Was George Russell Tucker, as availed by Lyndon, really the Zodiac Killer all along? Shackleton says no, though had he been able to make his documentary, he boasts how easily he could have convinced us he was, how fluidly he could have vindicated Lyndon’s admittedly out-there theories. It’s all very talky, often little more than establishing shots with Shackleton’s voiceover, a kind of podcast retrofitted to the filmic form.
That uneasy marriage proves initially compelling and long-term exhausting. Shackleton doesn’t have much to say beyond what audiences likely already know. True crime is exploitative and manufactured—it’s all entertainment. As a speaker, he’s immediate and, quite regularly, hilarious. He’s easy to listen to, making some shallower incisions cut deeper than they might have otherwise. As a 90-minute commitment, however, it’s the same thesis again and again… and again.

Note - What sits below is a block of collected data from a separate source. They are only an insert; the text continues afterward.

(* Let $0<\zeta\le1$, place a spike at the origin, and let $s^1,s^2,s^3$ be its three nearest samples for some sampling grid of spacing $\zeta$ (any relative position). Let $W^1,W^2$ be the corresponding wave functions. Then for $i=1,2$ and all $t\in\mathbb{R}^2$ with $\|t\|\ge10$, the absolute values of $W^i(t)$ and of each of its first and second partial derivatives at $t$ are bounded by $$g(t)=\frac{6\|t\|^2}{\zeta}\exp\!\Big(-\frac{\|t\|^2}{2}+\sqrt2\,\zeta\|t\|\Big),$$ and if moreover $10^{-2}\le\zeta\le1$ then $g(t)<2\cdot10^{-9}$ for all such $t$.
   Context: $K(t)=\exp(-\|t\|^2/2)$. The three nearest samples of a spike $t_0$: three vertices of a grid square of side $\zeta$ forming a right isosceles triangle with axis-parallel legs of length $\zeta$ that contains $t_0$. The waves of spike $t_0$ are the unique functions $W^i(u)=\kappa_iK(s^1-u)+\mu_iK(s^2-u)+\rho_iK(s^3-u)$ with $W^1(t_0)=0,\partial_xW^1(t_0)=1,\partial_yW^1(t_0)=0$ and $W^2(t_0)=0,\partial_xW^2(t_0)=0,\partial_yW^2(t_0)=1$; derivatives are with respect to $u$. *)

theory Defs
  imports "HOL-Analysis.Analysis"
begin

text \<open>Points of the plane are pairs; the norm on real \<times> real is the Euclidean norm.\<close>

definition gaussK :: "real \<times> real \<Rightarrow> real" where
  "gaussK t = exp (- (norm t)\<^sup>2 / 2)"

definition wave :: "real \<Rightarrow> real \<Rightarrow> real \<Rightarrow> real \<times> real \<Rightarrow> real \<times> real \<Rightarrow> real \<times> real
    \<Rightarrow> real \<times> real \<Rightarrow> real" where
  "wave \<kappa> \<mu> \<rho> s1 s2 s3 u = \<kappa> * gaussK (s1 - u) + \<mu> * gaussK (s2 - u) + \<rho> * gaussK (s3 - u)"

definition dx :: "(real \<times> real \<Rightarrow> real) \<Rightarrow> real \<times> real \<Rightarrow> real" where
  "dx f u = deriv (\<lambda>x. f (x, snd u)) (fst u)"

definition dy :: "(real \<times> real \<Rightarrow> real) \<Rightarrow> real \<times> real \<Rightarrow> real" where
  "dy f u = deriv (\<lambda>y. f (fst u, y)) (snd u)"

text \<open>Three nearest samples of a spike at t0: vertices of a right isosceles triangle with
  axis-parallel legs of length zeta (half of a grid square of side zeta) containing t0.\<close>
definition nearest_samples :: "real \<Rightarrow> real \<times> real \<Rightarrow> real \<times> real \<Rightarrow> real \<times> real \<Rightarrow> real \<times> real \<Rightarrow> bool" where
  "nearest_samples \<zeta> t0 s1 s2 s3 \<longleftrightarrow>
     (\<exists>c \<sigma>1 \<sigma>2. \<sigma>1 \<in> {-1, 1} \<and> \<sigma>2 \<in> {-1, 1} \<and>
        {s1, s2, s3} = {c, c + (\<sigma>1 * \<zeta>, 0), c + (0, \<sigma>2 * \<zeta>)}) \<and>
     t0 \<in> convex hull {s1, s2, s3}"

definition gbound :: "real \<Rightarrow> real \<times> real \<Rightarrow> real" where
  "gbound \<zeta> t = 6 * (norm t)\<^sup>2 / \<zeta> * exp (- (norm t)\<^sup>2 / 2 + sqrt 2 * \<zeta> * norm t)"

end

theory Submission
  imports Defs
begin

text \<open>
  Write a wave as \<open>W = \<Sum>\<^sub>j c\<^sub>j K(s\<^sub>j - \<cdot>)\<close>. The interpolation conditions at the spike say that the
  weights \<open>a\<^sub>j = c\<^sub>j K(s\<^sub>j)\<close> sum to zero and have first moment \<open>\<Sum>\<^sub>j a\<^sub>j s\<^sub>j\<close> equal to a unit
  vector; as the samples are the vertices of a right isosceles triangle with legs \<open>\<zeta>\<close>, this
  forces \<open>\<bar>a\<^sub>j\<bar> \<le> 1/\<zeta>\<close>. Every derivative of order at most 2 of \<open>K(s - t)\<close> is \<open>P(s - t) K(s - t)\<close>
  with \<open>\<bar>P v\<bar> \<le> \<parallel>v\<parallel>\<^sup>2 + 1\<close>, and \<open>K(s - t) = K(s) exp(\<langle>s, t\<rangle> - \<parallel>t\<parallel>\<^sup>2/2)\<close>, where
  \<open>\<langle>s, t\<rangle> \<le> \<surd>2 \<zeta> \<parallel>t\<parallel>\<close> because the triangle containing the spike has diameter \<open>\<surd>2 \<zeta>\<close>.
  For \<open>\<parallel>t\<parallel> \<ge> 10\<close> the polynomial factor is at most \<open>2\<parallel>t\<parallel>\<^sup>2\<close>, and the three terms add up to
  \<open>g(t)\<close>. The numerical bound follows from \<open>r\<^sup>2 exp(-r\<^sup>2/2 + 3r/2) \<le> 100 exp(-35)\<close> for \<open>r \<ge> 10\<close>.
\<close>

definition kernel_sum :: "(real \<times> real \<Rightarrow> real) \<Rightarrow> real \<Rightarrow> real \<Rightarrow> real
    \<Rightarrow> real \<times> real \<Rightarrow> real \<times> real \<Rightarrow> real \<times> real \<Rightarrow> real \<times> real \<Rightarrow> real" where
  "kernel_sum T \<kappa> \<mu> \<rho> s1 s2 s3 u = \<kappa> * T (s1 - u) + \<mu> * T (s2 - u) + \<rho> * T (s3 - u)"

And perhaps it was all part of the larger point, though, in dismantling Lyndon’s credibility. Shackleton commits the same sin he seems eager to indict. At its conclusion, having heard tales of fishbowls and ominous drives home, the suggestion, broadly, is that Lyndon was unwell, a man so feverishly committed to this one suspect that he dedicated decades of his life to the ostensible pursuit of justice, but just aggrandized his ego. Maybe Lyndon wasn’t all there. Reviews of his novel online seem to suggest a proclivity for conspiracy. However, as much as Zodiac Killer Project wants us to discard the authority of true crime filmmaking, it seems to revel in those conclusions by its end.
Fascinating in form and inceptively genius, Zodiac Killer Project is ultimately a mixed bag. Shackleton is an engaging host, and the pivot from true crime antics to artifice is, at least, structurally interesting. At its end, however, this meta-exercise in what could have been ultimately bears the weight of its conceit—as the credits rolled, I wanted to watch the original documentary, and I’m not sure that was the point.
Summary
Zodiac Killer Project intends to indict an entire subgenre, though by the end, this subversive exercise in true crime antics indicts only itself.